== Segment start ==

lemma (in prob_space) prob_near_support_and_tail_bounded_pos:
  fixes Y :: "nat \<Rightarrow> 'a \<Rightarrow> 'c::real_normed_vector" and Z :: "'a \<Rightarrow> 'c"
  assumes indep: "indep_vars (\<lambda>_. borel) (\<lambda>i. case i of None \<Rightarrow> Z | Some k \<Rightarrow> Y k) UNIV"
    and eta: "0 < \<eta>" "\<eta> < 1"
    and Y_ident: "\<And>k. distr M borel (Y k) = distr M borel (Y 0)"
    and Y_int: "integrable M (\<lambda>\<omega>. norm (Y 0 \<omega>))"
    and supp: "z0 \<in> measure_support (distr M borel Z)"
      "\<And>k. k \<le> n \<Longrightarrow> p k \<in> measure_support (distr M borel (Y k))"
    and "0 < r" and bound: "expectation (\<lambda>\<omega>. norm (Y 0 \<omega>)) < B"
  shows "0 < prob {\<omega> \<in> space M. (dist (Z \<omega>) z0 < r \<and> (\<forall>k\<le>n. dist (Y k \<omega>) (p k) < r))
           \<and> (\<Sum>k. ennreal (\<eta> * (1 - \<eta>) ^ k * norm (Y (Suc (n + k)) \<omega>))) \<le> ennreal B}"
    (is "0 < prob {\<omega> \<in> space M. ?head \<omega> \<and> ?tail \<omega>}")
proof -
  define X where "X = (\<lambda>i. case i of None \<Rightarrow> Z | Some k \<Rightarrow> Y k)"
  define J where "J = insert None (Some ` {..n})"
  define K where "K = Some ` {n<..}"
  define U where "U = (\<lambda>i. ball (case i of None \<Rightarrow> z0 | Some k \<Rightarrow> p k) r)"
  define tail where "tail f = (\<Sum>k. ennreal (\<eta> * (1 - \<eta>) ^ k * norm (f (Some (Suc (n + k))))))"
    for f :: "nat option \<Rightarrow> 'c"
  have X_indep: "indep_vars (\<lambda>_. borel) X UNIV"
    using indep by (simp add: X_def)
  have meas[measurable]: "Y k \<in> borel_measurable M" "Z \<in> borel_measurable M" for k
    using X_indep unfolding indep_vars_def X_def by (metis UNIV_I option.simps(4,5))+
  have "\<And>k. Some (Suc (n + k)) \<in> K"
    by (simp add: K_def)
  then have [measurable]: "tail \<in> borel_measurable (PiM K (\<lambda>_. borel))"
    unfolding tail_def by measurable
  have head_set: "PiE J U \<in> sets (PiM J (\<lambda>_. borel))"
    by (rule sets_PiM_I_finite) (auto simp: J_def U_def)
  have tail_set: "{f \<in> space (PiM K (\<lambda>_. borel)). tail f \<le> ennreal B} \<in> sets (PiM K (\<lambda>_. borel))"
    by measurable
  have head_iff: "(\<forall>i\<in>J. X i \<omega> \<in> U i) \<longleftrightarrow> ?head \<omega>" for \<omega>
    by (auto simp: J_def U_def X_def dist_commute)
  have head_restrict_iff: "restrict (\<lambda>i. X i \<omega>) J \<in> PiE J U \<longleftrightarrow> ?head \<omega>" for \<omega>
    by (simp add: restrict_PiE_iff Pi_iff head_iff)
  have tail_restrict_iff:
    "restrict (\<lambda>i. X i \<omega>) K \<in> {f \<in> space (PiM K (\<lambda>_. borel)). tail f \<le> ennreal B} \<longleftrightarrow> ?tail \<omega>" for \<omega>
    by (simp add: space_PiM K_def tail_def X_def)
  have "0 < prob {\<omega> \<in> space M. \<forall>i\<in>J. X i \<omega> \<in> U i}"
  proof (rule prob_all_in_open_pos[OF X_indep])
    show "(case i of None \<Rightarrow> z0 | Some k \<Rightarrow> p k) \<in> U i \<inter> measure_support (distr M borel (X i))"
      if "i \<in> J" for i
      using that supp \<open>0 < r\<close> by (auto simp: J_def U_def X_def)
  qed (auto simp: J_def U_def)
  moreover have "0 < prob {\<omega> \<in> space M. ?tail \<omega>}"
    using prob_geometric_tail_le_pos[where Y = Y and m = "Suc n", OF eta meas(1) Y_ident Y_int bound] by simp
  moreover have "prob {\<omega> \<in> space M. ?head \<omega> \<and> ?tail \<omega>}
      = prob {\<omega> \<in> space M. \<forall>i\<in>J. X i \<omega> \<in> U i} * prob {\<omega> \<in> space M. ?tail \<omega>}"
  proof -
    have "J \<inter> K = {}"
      by (auto simp: J_def K_def)
    from prob_restrict_indep[OF X_indep this _ _ head_set tail_set] show ?thesis
      by (simp only: head_restrict_iff tail_restrict_iff head_iff) simp
  qed
  ultimately show ?thesis
    by simp
qed

lemma (in prob_space) prob_near_support_points_pos:
  fixes Y :: "nat \<Rightarrow> 'a \<Rightarrow> 'c::{banach, second_countable_topology}" and Z chi :: "'a \<Rightarrow> 'c"
  assumes indep: "indep_vars (\<lambda>_. borel) (\<lambda>i. case i of None \<Rightarrow> Z | Some k \<Rightarrow> Y k) UNIV"
    and eta: "0 < \<eta>" "\<eta> < 1"
    and [measurable]: "\<And>k. Y k \<in> borel_measurable M" "Z \<in> borel_measurable M" "chi \<in> borel_measurable M"
    and Y_ident: "\<And>k. distr M borel (Y k) = distr M borel (Y 0)"
    and Y_int: "integrable M (\<lambda>\<omega>. norm (Y 0 \<omega>))"
    and chi_def: "\<And>\<omega>. \<omega> \<in> space M \<Longrightarrow>
        summable (\<lambda>k. \<eta> * (1 - \<eta>) ^ k * norm (Y (Suc k) \<omega>)) \<Longrightarrow>
        chi \<omega> = (\<Sum>k. (\<eta> * (1 - \<eta>) ^ k) *\<^sub>R Y (Suc k) \<omega>)"
    and supp: "y0 \<in> measure_support (distr M borel (Y 0))" "y1 \<in> measure_support (distr M borel (Y 0))"
      "z0 \<in> measure_support (distr M borel Z)"
    and "0 < e"
  shows "0 < prob {\<omega> \<in> space M. dist (chi \<omega>) y0 < e \<and> dist (Y 0 \<omega>) y1 < e \<and> dist (Z \<omega>) z0 < e}"
    (is "0 < prob ?T")
proof -
  define B where "B = expectation (\<lambda>\<omega>. norm (Y 0 \<omega>)) + 1"
  have "0 \<le> B"
    by (simp add: B_def add_nonneg_nonneg)
  \<comment> \<open>\<open>(1 - \<eta>) ^ n\<close> is both the weight of the tail of chi and the weight missing from its head\<close>
  have "(\<lambda>n. (1 - \<eta>) ^ n * (B + norm y0)) \<longlonglongrightarrow> 0"
    using eta by (intro tendsto_mult_left_zero LIMSEQ_power_zero) simp
  then have "eventually (\<lambda>n. (1 - \<eta>) ^ n * (B + norm y0) < e / 2) sequentially"
    using \<open>0 < e\<close> by (intro order_tendstoD(2)) auto
  then obtain n where n: "(1 - \<eta>) ^ n * (B + norm y0) < e / 2"
    by (auto simp: eventually_sequentially)
  define p where "p k = (if k = 0 then y1 else y0)" for k :: nat
  let ?E = "{\<omega> \<in> space M. (dist (Z \<omega>) z0 < e / 2 \<and> (\<forall>k\<le>n. dist (Y k \<omega>) (p k) < e / 2))
           \<and> (\<Sum>k. ennreal (\<eta> * (1 - \<eta>) ^ k * norm (Y (Suc (n + k)) \<omega>))) \<le> ennreal B}"
  have "0 < prob ?E"
  proof (rule prob_near_support_and_tail_bounded_pos[OF indep eta Y_ident Y_int supp(3)])
    show "p k \<in> measure_support (distr M borel (Y k))" for k
      using supp Y_ident[of k] by (simp add: p_def)
  qed (use \<open>0 < e\<close> in \<open>simp_all add: B_def\<close>)
  moreover have "?E \<subseteq> ?T"
  proof safe
    fix \<omega> assume "\<omega> \<in> space M" and head: "dist (Z \<omega>) z0 < e / 2" "\<forall>k\<le>n. dist (Y k \<omega>) (p k) < e / 2"
      and tail: "(\<Sum>k. ennreal (\<eta> * (1 - \<eta>) ^ k * norm (Y (Suc (n + k)) \<omega>))) \<le> ennreal B"
    have "0 \<le> e / 2"
      using \<open>0 < e\<close> by simp
    moreover have "dist (Y (Suc k) \<omega>) y0 \<le> e / 2" if "k < n" for k
      using head(2) that by (auto simp: p_def dest!: spec[of _ "Suc k"])
    ultimately have "summable (\<lambda>k. \<eta> * (1 - \<eta>) ^ k * norm (Y (Suc k) \<omega>))"
      and "dist (\<Sum>k. (\<eta> * (1 - \<eta>) ^ k) *\<^sub>R Y (Suc k) \<omega>) y0 \<le> e / 2 + (1 - \<eta>) ^ n * (B + norm y0)"
      using geometric_average_near[OF eta _ \<open>0 \<le> B\<close> _ tail] by blast+
    with chi_def[OF \<open>\<omega> \<in> space M\<close>] n show "dist (chi \<omega>) y0 < e"
      by simp
    show "dist (Y 0 \<omega>) y1 < e" "dist (Z \<omega>) z0 < e"
      using head \<open>0 < e\<close> by (auto simp: p_def dest!: spec[of _ 0])
  qed
  moreover have "?T \<in> events"
    by measurable
  ultimately show ?thesis
    by (meson finite_measure_mono order.strict_trans2)
qed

== Segment end ==

* What the task asks
Each line that holds the word "dest" should be extracted from the records.

* Output of the task
      using head(2) that by (auto simp: p_def dest!: spec[of _ "Suc k"])
      using head \<open>0 < e\<close> by (auto simp: p_def dest!: spec[of _ 0])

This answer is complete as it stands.